His Lieder and String Quartets all deserve more popularity. Not to mention the breathtaking Fantasiestücke Op.73!


----------



## Enthusiast (Mar 5, 2016)

I certainly agree that much of Schumann's chamber music (including the sonata recommended in the OP) does not get the attention it deserves. Much of it seems "closer to the source" than the chamber music of Brahms and Dvorak - less worked and more rhapsodic - and works a kind of magic. Schumann's chamber music has nowhere to hide - the apparatus of the work (the structure and the various planned transitions) is not its face - and his inspiration stands or fails on the merits of the invention.


----------



## flamencosketches (Jan 4, 2019)

Enthusiast said:


> I certainly agree that much of Schumann's chamber music (including the sonata recommended in the OP) does not get the attention it deserves. Much of it seems "closer to the source" than the chamber music of Brahms and Dvorak - less worked and more rhapsodic - and works a kind of magic. Schumann's chamber music has nowhere to hide - the apparatus of the work (the structure and the various planned transitions) is not its face - and his inspiration stands or fails on the merits of the invention.


Couldn't have put it better myself. And the work that is the subject of this thread is a masterpiece-to take nothing away from the other two great violin sonatas.


----------



## juliante (Jun 7, 2013)

chu42 said:


> His 2nd Sonata cements to me that Schumann was one of the greatest chamber composers of the 19th century, next to Brahms, Dvořák, etc. The 3rd movement is an unexplainable beauty.


Which recording are you thinking about? Kremer and Argerich?


----------



## chu42 (Aug 14, 2018)

juliante said:


> Which recording are you thinking about? Kremer and Argerich?


I have listened to a great deal of recordings of the sonata, including Kremer/Argerich, and I am still stuck on which one I think is best.


----------



## tdc (Jan 17, 2011)

Thanks for bringing this work to my attention, just listened to it, and it is very good. I believe it is a later work too, confirming Schumann's compositional powers were still going strong at that stage of his life.

Schumann - Violin Sonata No. 2





As an aside was just playing through a small Schumann piece on piano _The Happy Farmer_ Op. 68, No. 10. I think Koji Kondo might have used it as his inspiration for the Romani Ranch theme on the video game Zelda: Ocarina of Time.


----------



## Sonata (Aug 7, 2010)

Thanks for the nod to Schumann's violin sonatas. He's one of the only popular composers that I've not spent much time exploring, and I'm working on that oversight this month. The sonatas are added to my list


----------



## Merl (Jul 28, 2016)

chu42 said:


> His 2nd Sonata cements to me that Schumann was one of the greatest chamber composers of the 19th century, next to Brahms, Dvořák, etc. The 3rd movement is an unexplainable beauty.

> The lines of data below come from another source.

lemma one_minus_power_ge_quadratic:
  fixes \<beta> p :: real
  assumes "0 \<le> \<beta>" "\<beta> \<le> 1" "n \<ge> 2" "p \<le> \<beta> / n"
  shows "1 - \<beta> + \<beta>^2/6 \<le> (1 - p)^n"
proof -
  have n_ge_2: "real n \<ge> 2" using assms by simp
  have "\<beta>^3 \<le> \<beta>^2" using assms by (simp add: power_decreasing)
  then have "(real n - 1) * (real n - 2) * \<beta>^3 \<le> (real n - 1) * (real n - 2) * \<beta>^2"
    using n_ge_2 by (intro mult_left_mono) auto
  moreover have "real n^2 * \<beta>^2 \<le> (2 * real n^2 - 2) * \<beta>^2"
    using mult_mono[OF n_ge_2 n_ge_2] by (intro mult_right_mono) (auto simp: power2_eq_square)
  moreover have "(2 * real n^2 - 2) * \<beta>^2 = 3 * real n * (real n - 1) * \<beta>^2 - (real n - 1) * (real n - 2) * \<beta>^2"
    by (simp add: algebra_simps power2_eq_square)
  ultimately have "real n^2 * \<beta>^2 \<le> 3 * real n * (real n - 1) * \<beta>^2 - (real n - 1) * (real n - 2) * \<beta>^3"
    by linarith
  then have "\<beta>^2 / 6 \<le> (3 * real n * (real n - 1) * \<beta>^2 - (real n - 1) * (real n - 2) * \<beta>^3) / (6 * real n^2)"
    using n_ge_2 by (simp add: field_simps)
  also have "\<dots> = real n * (real n - 1) / 2 * (\<beta> / n)^2 - real n * (real n - 1) * (real n - 2) / 6 * (\<beta> / n)^3"
    using n_ge_2 by (simp add: field_simps power2_eq_square power3_eq_cube)
  finally have "1 - \<beta> + \<beta>^2/6 \<le> 1 - real n * (\<beta> / n) + real n * (real n - 1) / 2 * (\<beta> / n)^2
           - real n * (real n - 1) * (real n - 2) / 6 * (\<beta> / n)^3"
    using n_ge_2 by simp
  also have "\<dots> \<le> (1 - \<beta> / n)^n"
    using assms n_ge_2 by (intro one_minus_power_ge_cubic_taylor) auto
  also have "\<dots> \<le> (1 - p)^n"
    using assms n_ge_2 by (intro power_mono) auto
  finally show ?thesis .
qed

lemma mult_exp_neg_le:
  fixes x \<beta> :: real
  assumes "1 \<le> x" "0 < \<beta>"
  shows "x * exp (- (2 * x / \<beta>)) \<le> \<beta>^2 / 6"
proof -
  define s where "s = x / \<beta>"
  have s: "0 < s" using assms by (simp add: s_def)
  have "5/2 * s \<le> exp 1 * s"
    using exp_lower_Taylor_quadratic[of 1] s by (intro mult_right_mono) auto
  also have "exp 1 * s \<le> exp s"
    using exp_ge_add_one_self[of "s - 1"] by (simp add: exp_diff field_simps)
  finally have "5/2 * s \<le> exp s" .
  then have "(5/2 * s)^2 \<le> exp s ^ 2"
    using s by (intro power_mono) auto
  then have "25/4 * s^2 \<le> exp (2 * s)"
    by (simp add: power2_eq_square exp_add[symmetric])
  moreover have "6 * x \<le> 25/4 * x^2"
    using mult_left_mono[of 1 x x] assms by (simp add: power2_eq_square)
  then have "6 * x / \<beta>^2 \<le> 25/4 * s^2"
    using assms by (simp add: s_def field_simps)
  ultimately have "x / exp (2 * s) \<le> x / (6 * x / \<beta>^2)"
    using assms by (intro divide_left_mono) auto
  then show ?thesis
    using assms by (simp add: s_def exp_minus field_simps)
qed

lemma mult_one_minus_power_le:
  fixes x \<beta> q :: real
  assumes "1 \<le> x" "0 < \<beta>" "0 \<le> q" "q \<le> 1" "2 * x / \<beta> \<le> n * q"
  shows "x * (1 - q)^n \<le> \<beta>^2 / 6"
proof -
  have "0 < real n * q"
    using assms by (smt (verit) divide_pos_pos)
  moreover have "real n * q \<le> real n"
    using mult_left_mono[of q 1 "real n"] assms by simp
  ultimately have "(1 - q)^n \<le> exp (- (n * q))"
    using exp_ge_one_minus_x_over_n_power_n[of "n * q" n] by (simp add: zero_less_mult_iff)
  also have "\<dots> \<le> exp (- (2 * x / \<beta>))"
    using assms by simp
  finally have "x * (1 - q)^n \<le> x * exp (- (2 * x / \<beta>))"
    using assms by (intro mult_left_mono) auto
  also have "\<dots> \<le> \<beta>^2 / 6"
    using mult_exp_neg_le assms by blast
  finally show ?thesis .
qed

lemma prob_rho_atMost: "measure_pmf.prob rho_pmf {..k} = 1 - (1/2::real)^k"
proof -
  have "Suc -` {..k} = {..<k}"
    by auto
  then have "measure_pmf.prob rho_pmf {..k} = measure_pmf.prob (geometric_pmf (1/2)) {..<k}"
    unfolding rho_pmf_def by simp
  also have "\<dots> = (\<Sum>i<k. (1/2::real)^i * (1/2))"
    by (subst measure_measure_pmf_finite) simp_all
  also have "\<dots> = 1 - (1/2::real)^k"
    by (induction k) simp_all
  finally show ?thesis .
qed

lemma prob_rho_greaterThan: "measure_pmf.prob rho_pmf {k<..} = (1/2::real)^k"
  using measure_pmf.prob_compl[of "{..k}" rho_pmf] prob_rho_atMost[of k]
  by (simp add: Compl_eq_Diff_UNIV[symmetric])

lemma prob_pair_rho_atMost:
  "measure_pmf.prob (pair_pmf (pmf_of_set {1..m::nat}) rho_pmf) (UNIV \<times> {..k}) = 1 - (1/2::real)^k"
  by (subst measure_pmf_prob_product) (auto simp: prob_rho_atMost)

lemma prob_pair_hashed_to_imp_rho_atMost:
  assumes "j \<in> {1..m}"
  shows "measure_pmf.prob (pair_pmf (pmf_of_set {1..m}) rho_pmf) {p. fst p = j \<longrightarrow> snd p \<le> L}
           = 1 - (1/2::real)^L / real m"
proof -
  let ?P = "pair_pmf (pmf_of_set {1..m}) rho_pmf"
  have "measure_pmf.prob ?P ({j} \<times> {L<..}) = measure_pmf.prob (pmf_of_set {1..m}) {j} * (1/2)^L"
    by (subst measure_pmf_prob_product) (auto simp: prob_rho_greaterThan)
  also have "\<dots> = (1/2)^L / real m"
    using assms by (subst measure_pmf_of_set) auto
  moreover have "{p. fst p = j \<longrightarrow> snd p \<le> L} = UNIV - {j} \<times> {L<..}"
    by auto
  ultimately show ?thesis
    using measure_pmf.prob_compl[of "{j} \<times> {L<..}" ?P] by simp
qed

lemma prob_hll_pmf_forall:
  "measure_pmf.prob (hll_pmf m n) {\<omega>. \<forall>i<n. \<omega> i \<in> S}
     = measure_pmf.prob (pair_pmf (pmf_of_set {1..m}) rho_pmf) S ^ n"
proof -
  have "{\<omega>. \<forall>i<n. \<omega> i \<in> S} = Pi {..<n} (\<lambda>_. S)"
    by (auto simp: Pi_def)
  then show ?thesis
    unfolding hll_pmf_def by (simp add: measure_Pi_pmf_Pi)
qed

lemma register_le_iff:
  "register n j \<omega> \<le> L \<longleftrightarrow> (\<forall>i<n. fst (\<omega> i) = j \<longrightarrow> snd (\<omega> i) \<le> L)"
proof -
  have "{snd (\<omega> i) | i. i < n \<and> fst (\<omega> i) = j} = (\<lambda>i. snd (\<omega> i)) ` {i. i < n \<and> fst (\<omega> i) = j}"
    by auto
  then have "finite {snd (\<omega> i) | i. i < n \<and> fst (\<omega> i) = j}"
    by simp
  then show ?thesis
    unfolding register_def by auto
qed

lemma prob_registers_between:
  "(1 - (1/2)^K)^n - real m * (1 - (1/2)^L / real m)^n
     \<le> measure_pmf.prob (hll_pmf m n) {\<omega>. \<forall>j\<in>{1..m}. L < register n j \<omega> \<and> register n j \<omega> \<le> K}"
proof -
  let ?P = "hll_pmf m n"
  define no_overflow where "no_overflow = {\<omega>. \<forall>i<n. \<omega> i \<in> (UNIV :: nat set) \<times> {..K}}"
  define low where "low j = {\<omega>. \<forall>i<n. \<omega> i \<in> {p. fst p = j \<longrightarrow> snd p \<le> L}}" for j :: nat
  have "no_overflow - (\<Union>j\<in>{1..m}. low j)
          \<subseteq> {\<omega>. \<forall>j\<in>{1..m}. L < register n j \<omega> \<and> register n j \<omega> \<le> K}"
    by (auto simp: no_overflow_def low_def register_le_iff not_le[symmetric])
  then have "measure_pmf.prob ?P (no_overflow - (\<Union>j\<in>{1..m}. low j))
      \<le> measure_pmf.prob ?P {\<omega>. \<forall>j\<in>{1..m}. L < register n j \<omega> \<and> register n j \<omega> \<le> K}"
    by (intro measure_pmf.finite_measure_mono) auto
  moreover have "measure_pmf.prob ?P no_overflow - measure_pmf.prob ?P (\<Union>j\<in>{1..m}. low j)
      \<le> measure_pmf.prob ?P (no_overflow - (\<Union>j\<in>{1..m}. low j))"
    by (intro measure_diff_le_measure_setdiff) (auto simp: measure_pmf.fmeasurable_eq_sets)
  moreover have "measure_pmf.prob ?P (\<Union>j\<in>{1..m}. low j) \<le> (\<Sum>j\<in>{1..m}. measure_pmf.prob ?P (low j))"
    by (intro measure_pmf.finite_measure_subadditive_finite) auto
  moreover have "measure_pmf.prob ?P (low j) = (1 - (1/2)^L / real m)^n" if "j \<in> {1..m}" for j
    unfolding low_def prob_hll_pmf_forall prob_pair_hashed_to_imp_rho_atMost[OF that] ..
  then have "(\<Sum>j\<in>{1..m}. measure_pmf.prob ?P (low j)) = real m * (1 - (1/2)^L / real m)^n"
    by simp
  moreover have "measure_pmf.prob ?P no_overflow = (1 - (1/2)^K)^n"
    unfolding no_overflow_def prob_hll_pmf_forall prob_pair_rho_atMost ..
  ultimately show ?thesis
    by linarith
qed

lemma prob_registers_in_interval:
  fixes a b \<beta> :: real
  assumes "0 < \<beta>" "\<beta> \<le> 1" "n \<ge> 2" "m > 0" "0 \<le> a"
    and "2 powr a \<le> real n * \<beta> / (2 * real m^2)" and "2 * real n / \<beta> \<le> 2 powr b"
  shows "1 - \<beta> \<le> measure_pmf.prob (hll_pmf m n)
           {\<omega>. \<forall>j\<in>{1..m}. a < real (register n j \<omega>) \<and> real (register n j \<omega>) < b}"
proof -
  define K where "K = nat \<lceil>b\<rceil> - 1"
  define L where "L = nat \<lfloor>a\<rfloor>"
  have "2 powr 1 < 2 * real n / \<beta>"
    using assms by (simp add: field_simps)
  also have "\<dots> \<le> 2 powr b"
    using assms by simp
  finally have "1 < b"
    using powr_less_cancel_iff[of "2::real" 1 b] by simp
  then have K: "b - 1 \<le> real K" "real K < b" and L: "real L \<le> a" "a < real L + 1"
    using assms unfolding K_def L_def by linarith+
  have "real n / \<beta> \<le> 2 powr (b - 1)"
    using assms by (simp add: powr_diff field_simps)
  also have "\<dots> \<le> 2 ^ K"
    using K by (simp flip: powr_realpow)
  finally have "(1/2)^K \<le> \<beta> / real n"
    using assms by (simp add: field_simps)
  then have overflow: "1 - \<beta> + \<beta>^2/6 \<le> (1 - (1/2)^K)^n"
    using assms by (intro one_minus_power_ge_quadratic) auto
  have "2 ^ L \<le> real n * \<beta> / (2 * real m^2)"
    using L assms by (smt (verit) powr_realpow powr_mono)
  then have "2 * real m / \<beta> \<le> real n * ((1/2)^L / real m)"
    using assms by (simp add: field_simps power2_eq_square)
  moreover have "1 * 1 \<le> real m * 2^L"
    using assms by (intro mult_mono) auto
  ultimately have underflow: "real m * (1 - (1/2)^L / real m)^n \<le> \<beta>^2/6"
    using assms by (intro mult_one_minus_power_le) (auto simp: field_simps)
  have "{\<omega>. \<forall>j\<in>{1..m}. L < register n j \<omega> \<and> register n j \<omega> \<le> K}
          \<subseteq> {\<omega>. \<forall>j\<in>{1..m}. a < real (register n j \<omega>) \<and> real (register n j \<omega>) < b}"
    using K L by force
  then have "measure_pmf.prob (hll_pmf m n) {\<omega>. \<forall>j\<in>{1..m}. L < register n j \<omega> \<and> register n j \<omega> \<le> K}
      \<le> measure_pmf.prob (hll_pmf m n) {\<omega>. \<forall>j\<in>{1..m}. a < real (register n j \<omega>) \<and> real (register n j \<omega>) < b}"
    by (intro measure_pmf.finite_measure_mono) auto
  then show ?thesis
    using prob_registers_between[of K n m L] overflow underflow by linarith
qed

lemma card_int_between_le:
  fixes a b :: real
  shows "card {k::int. a < of_int k \<and> of_int k < b} \<le> nat \<lceil>b - a\<rceil>"
proof -
  have "{k::int. a < of_int k \<and> of_int k < b} \<subseteq> {\<lfloor>a\<rfloor> + 1 .. \<lceil>b\<rceil> - 1}"
    by (auto simp: add1_zle_eq floor_less_iff less_ceiling_iff)
  then have "card {k::int. a < of_int k \<and> of_int k < b} \<le> nat (\<lceil>b\<rceil> - \<lfloor>a\<rfloor> - 1)"
    using card_mono[of "{\<lfloor>a\<rfloor> + 1 .. \<lceil>b\<rceil> - 1}"] by simp
  also have "\<lceil>b\<rceil> - \<lfloor>a\<rfloor> - 1 \<le> \<lceil>b - a\<rceil>"
  proof -
    have "of_int \<lceil>b\<rceil> < b + 1" "a < of_int \<lfloor>a\<rfloor> + 1" "b - a \<le> of_int \<lceil>b - a\<rceil>"
      by linarith+
    then have "of_int (\<lceil>b\<rceil> - \<lfloor>a\<rfloor> - 1) < (of_int (\<lceil>b - a\<rceil> + 1) :: real)"
      by (simp only: of_int_add of_int_diff of_int_1)
    then show ?thesis
      by linarith
  qed
  finally show ?thesis by simp
qed

theorem theorem3p4:
  fixes m n :: nat and \<beta> :: real
  assumes "m > 0" and "0 < \<beta>" and "\<beta> < 1"
    and "real n > 2 * (real m)^2 / \<beta>"
  defines "B \<equiv> log 2 (real n / real m)" and "\<Delta> \<equiv> log 2 (2 * real m / \<beta>)"
  shows "measure_pmf.prob (hll_pmf m n)
           {\<omega>. \<forall>j\<in>{1..m}. B - \<Delta> < real (register n j \<omega>) \<and> real (register n j \<omega>) < B + \<Delta>}
         \<ge> 1 - \<beta> \<and>
         card {k::int. B - \<Delta> < real_of_int k \<and> real_of_int k < B + \<Delta>}
         \<le> 2 ^ (nat \<lceil>log 2 (log 2 (2 * real m / \<beta>))\<rceil> + 1)"
proof
  have m_ge_1: "1 \<le> real m"
    using assms by simp
  have "2 \<le> 2 * (real m)^2 / \<beta>"
    using assms m_ge_1 by (simp add: field_simps power2_eq_square mult_mono)
  then have "n \<ge> 2"
    using assms by linarith
  have "2 powr B = real n / real m" "2 powr \<Delta> = 2 * real m / \<beta>"
    using assms \<open>n \<ge> 2\<close> unfolding B_def \<Delta>_def by simp_all
  then have powr_upper: "2 powr (B + \<Delta>) = 2 * real n / \<beta>"
    and powr_lower: "2 powr (B - \<Delta>) = real n * \<beta> / (2 * real m^2)"
    using m_ge_1 by (simp_all add: powr_add powr_diff power2_eq_square)
  have "2 powr 0 < 2 powr (B - \<Delta>)"
    using assms m_ge_1 unfolding powr_lower by (simp add: field_simps)
  then have "0 \<le> B - \<Delta>"
    using powr_less_cancel_iff[of "2::real" 0 "B - \<Delta>"] by simp
  then show "1 - \<beta> \<le> measure_pmf.prob (hll_pmf m n)
           {\<omega>. \<forall>j\<in>{1..m}. B - \<Delta> < real (register n j \<omega>) \<and> real (register n j \<omega>) < B + \<Delta>}"
    using assms \<open>n \<ge> 2\<close> powr_upper powr_lower by (intro prob_registers_in_interval) auto
  have "card {k::int. B - \<Delta> < real_of_int k \<and> real_of_int k < B + \<Delta>} \<le> nat \<lceil>2 * \<Delta>\<rceil>"
    using card_int_between_le[of "B - \<Delta>" "B + \<Delta>"] by simp
  also have "\<dots> \<le> 2 ^ (nat \<lceil>log 2 \<Delta>\<rceil> + 1)"
    using power_of_nat_log_ge[of 2 \<Delta>] by (simp add: ceiling_le_iff nat_le_iff)
  finally show "card {k::int. B - \<Delta> < real_of_int k \<and> real_of_int k < B + \<Delta>}
         \<le> 2 ^ (nat \<lceil>log 2 (log 2 (2 * real m / \<beta>))\<rceil> + 1)"
    unfolding \<Delta>_def .
qed
(* There is an absolute constant $c>0$ with the following property. Let $q\ge 2$ be a prime power and let $R$ be a finite local ring containing the field $\mathbb{F}_q$ as a subring, with $d=\dim_{\mathbb{F}_q}R$ and $\delta=\dim_{\mathbb{F}_q}(R\setminus R^* )$, where $R^*$ is the set of units of $R$. If $d=2+\delta$, then the chain geometry $\Sigma(\mathbb{F}_q,R)$ contains a blocking set of size at most $c\,q^{d-1}\log q$ (i.e., of size $O(q^{d-1}\log q)$).
   Context: All rings are associative with unit element $1\neq 0$, and subrings share the unit. $R^2$ is regarded as a left $R$-module. The projective line $\mathbb{P}(R)$ is the set of all submodules of $R^2$ of the form $R(a,b)$ where $(a\ b)$ is the first row of some invertible $2\times 2$ matrix over $R$. For a field $K\subseteq R$ (as a subring), $\mathbb{P}(K)$ is embedded in $\mathbb{P}(R)$ via $K(a,b)\mapsto R(a,b)$. The chain geometry $\Sigma(K,R)$ has point set $\mathbb{P}(R)$ and its blocks, called chains, are the sets $\mathbb{P}(K)^g$ with $g\in\mathrm{GL}_2(R)$. A blocking set is a set $B$ of points such that every chain contains at least one element of $B$. *)

theory Defs
  imports "HOL-Computational_Algebra.Primes" "HOL-Algebra.Embedded_Algebras" "HOL-Algebra.Ideal" Complex_Main
begin

definition local_ring :: "('a, 'b) ring_scheme \<Rightarrow> bool" where
  "local_ring R \<longleftrightarrow> ring R \<and> ideal (carrier R - Units R) R"

text \<open>2x2 matrices over R as quadruples (a,b,c,d) = [[a,b],[c,d]].\<close>
type_synonym 'a mat2 = "'a \<times> 'a \<times> 'a \<times> 'a"

definition mat2_mult :: "('a, 'b) ring_scheme \<Rightarrow> 'a mat2 \<Rightarrow> 'a mat2 \<Rightarrow> 'a mat2" where
  "mat2_mult R M N = (case M of (a,b,c,d) \<Rightarrow> case N of (e,f,g,h) \<Rightarrow>
     (a \<otimes>\<^bsub>R\<^esub> e \<oplus>\<^bsub>R\<^esub> b \<otimes>\<^bsub>R\<^esub> g, a \<otimes>\<^bsub>R\<^esub> f \<oplus>\<^bsub>R\<^esub> b \<otimes>\<^bsub>R\<^esub> h,
      c \<otimes>\<^bsub>R\<^esub> e \<oplus>\<^bsub>R\<^esub> d \<otimes>\<^bsub>R\<^esub> g, c \<otimes>\<^bsub>R\<^esub> f \<oplus>\<^bsub>R\<^esub> d \<otimes>\<^bsub>R\<^esub> h))"

definition mat2_one :: "('a, 'b) ring_scheme \<Rightarrow> 'a mat2" where
  "mat2_one R = (\<one>\<^bsub>R\<^esub>, \<zero>\<^bsub>R\<^esub>, \<zero>\<^bsub>R\<^esub>, \<one>\<^bsub>R\<^esub>)"

definition GL2 :: "('a, 'b) ring_scheme \<Rightarrow> 'a set \<Rightarrow> 'a mat2 set" where
  "GL2 R S = {M. M \<in> S \<times> S \<times> S \<times> S \<and>
     (\<exists>N \<in> S \<times> S \<times> S \<times> S. mat2_mult R M N = mat2_one R \<and> mat2_mult R N M = mat2_one R)}"

definition cyc :: "('a, 'b) ring_scheme \<Rightarrow> 'a set \<Rightarrow> 'a \<Rightarrow> 'a \<Rightarrow> ('a \<times> 'a) set" where
  "cyc R S a b = {(r \<otimes>\<^bsub>R\<^esub> a, r \<otimes>\<^bsub>R\<^esub> b) | r. r \<in> S}"

definition proj_line :: "('a, 'b) ring_scheme \<Rightarrow> ('a \<times> 'a) set set" where
  "proj_line R = {cyc R (carrier R) a b | a b c d. (a, b, c, d) \<in> GL2 R (carrier R)}"

text \<open>The image of P(K) in P(R) under K(a,b) \<mapsto> R(a,b).\<close>
definition proj_line_sub :: "('a, 'b) ring_scheme \<Rightarrow> 'a set \<Rightarrow> ('a \<times> 'a) set set" where
  "proj_line_sub R K = {cyc R (carrier R) a b | a b c d. (a, b, c, d) \<in> GL2 R K}"

text \<open>Right action of a 2x2 matrix on row vectors, and on points (submodules).\<close>
definition vec_act :: "('a, 'b) ring_scheme \<Rightarrow> 'a mat2 \<Rightarrow> 'a \<times> 'a \<Rightarrow> 'a \<times> 'a" where
  "vec_act R g v = (case v of (x, y) \<Rightarrow> case g of (a, b, c, d) \<Rightarrow>
     (x \<otimes>\<^bsub>R\<^esub> a \<oplus>\<^bsub>R\<^esub> y \<otimes>\<^bsub>R\<^esub> c, x \<otimes>\<^bsub>R\<^esub> b \<oplus>\<^bsub>R\<^esub> y \<otimes>\<^bsub>R\<^esub> d))"

definition point_act :: "('a, 'b) ring_scheme \<Rightarrow> 'a mat2 \<Rightarrow> ('a \<times> 'a) set \<Rightarrow> ('a \<times> 'a) set" where
  "point_act R g p = vec_act R g ` p"

definition chains :: "('a, 'b) ring_scheme \<Rightarrow> 'a set \<Rightarrow> ('a \<times> 'a) set set set" where
  "chains R K = {point_act R g ` proj_line_sub R K | g. g \<in> GL2 R (carrier R)}"

definition blocking_set :: "('a, 'b) ring_scheme \<Rightarrow> 'a set \<Rightarrow> ('a \<times> 'a) set set \<Rightarrow> bool" where
  "blocking_set R K B \<longleftrightarrow> B \<subseteq> proj_line R \<and> (\<forall>C \<in> chains R K. C \<inter> B \<noteq> {})"

end

theory Submission
  imports Defs
begin

text \<open>
  Let M be the ideal of nonunits, so that R/M has q^2 elements. The chain P(K)^g contains the
  points spanned by the rows (1, b) g with b in K. If one of these rows has a nonunit first
  entry, its second entry is a unit and the point is R(t, 1) with t in M. Otherwise every row
  spans a point R(1, s_b), and the slopes s_b lie in q distinct cosets of M. These q-sets of
  cosets depend only on g modulo M, so there are at most q^8 of them, and a greedy hitting set T
  for them among the q^2 cosets has O(q log q) elements. Hence the points R(1, s) with s in a
  coset of T, together with the points R(t, 1) with t in M, form a blocking set with at most
  (|T| + 1) q^delta = O(q^(d-1) log q) elements.
\<close>

lemma exists_element_in_many_members:
  assumes "finite Y" "F \<subseteq> Pow Y" "F \<noteq> {}" "k > 0" "\<forall>C\<in>F. k \<le> card C"
  shows "\<exists>y\<in>Y. k * card F \<le> card Y * card {C\<in>F. y \<in> C}"
proof (rule ccontr)
  assume few: "\<not> ?thesis"
  have "finite F" using assms(1,2) finite_subset by blast
  have "Y \<noteq> {}"
  proof
    assume "Y = {}"
    with assms(2,3) have "{} \<in> F" by auto
    with assms(4,5) show False by fastforce
  qed
  have "(\<Sum>C\<in>F. card C) = (\<Sum>C\<in>F. \<Sum>y\<in>Y. if y \<in> C then 1 else (0::nat))"
    using assms(1,2) by (intro sum.cong) (auto simp: sum.If_cases Int_absorb1)
  also have "\<dots> = (\<Sum>y\<in>Y. card {C\<in>F. y \<in> C})"
    using \<open>finite F\<close> by (subst sum.swap) (simp add: sum.If_cases Int_def conj_commute)
  finally have incidences: "(\<Sum>C\<in>F. card C) = (\<Sum>y\<in>Y. card {C\<in>F. y \<in> C})" .
  have "card Y * (k * card F) \<le> card Y * (\<Sum>C\<in>F. card C)"
    using assms(5) sum_mono[of F "\<lambda>_. k" card] by (simp add: mult.commute)
  also have "\<dots> = (\<Sum>y\<in>Y. card Y * card {C\<in>F. y \<in> C})"
    by (simp add: incidences sum_distrib_left)
  also have "\<dots> < (\<Sum>y\<in>Y. k * card F)"
    using few assms(1) \<open>Y \<noteq> {}\<close> by (intro sum_strict_mono) (auto simp: not_le)
  finally show False by simp
qed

Agreed. I've got this one cued up for listening tomorrow.


----------



## vincula (Jun 23, 2020)

I'm listening to this album and warmly recommend it. Beautifully recorded too, as usually with Ondine.









Regards,

Vincula


----------



## chu42 (Aug 14, 2018)

tdc said:


> Thanks for bringing this work to my attention, just listened to it, and it is very good. I believe it is a later work too, confirming Schumann's compositional powers were still going strong at that stage of his life.
> 
> Schumann - Violin Sonata No. 2
> 
> ...


The idea that Schumann's compositions declined in his later career is quite the myth. Some of his most introspective works were written on the brink of his mental collapse, such as Gesange der Fruhe Op.133, and the Geistervariationen WoO 24.


----------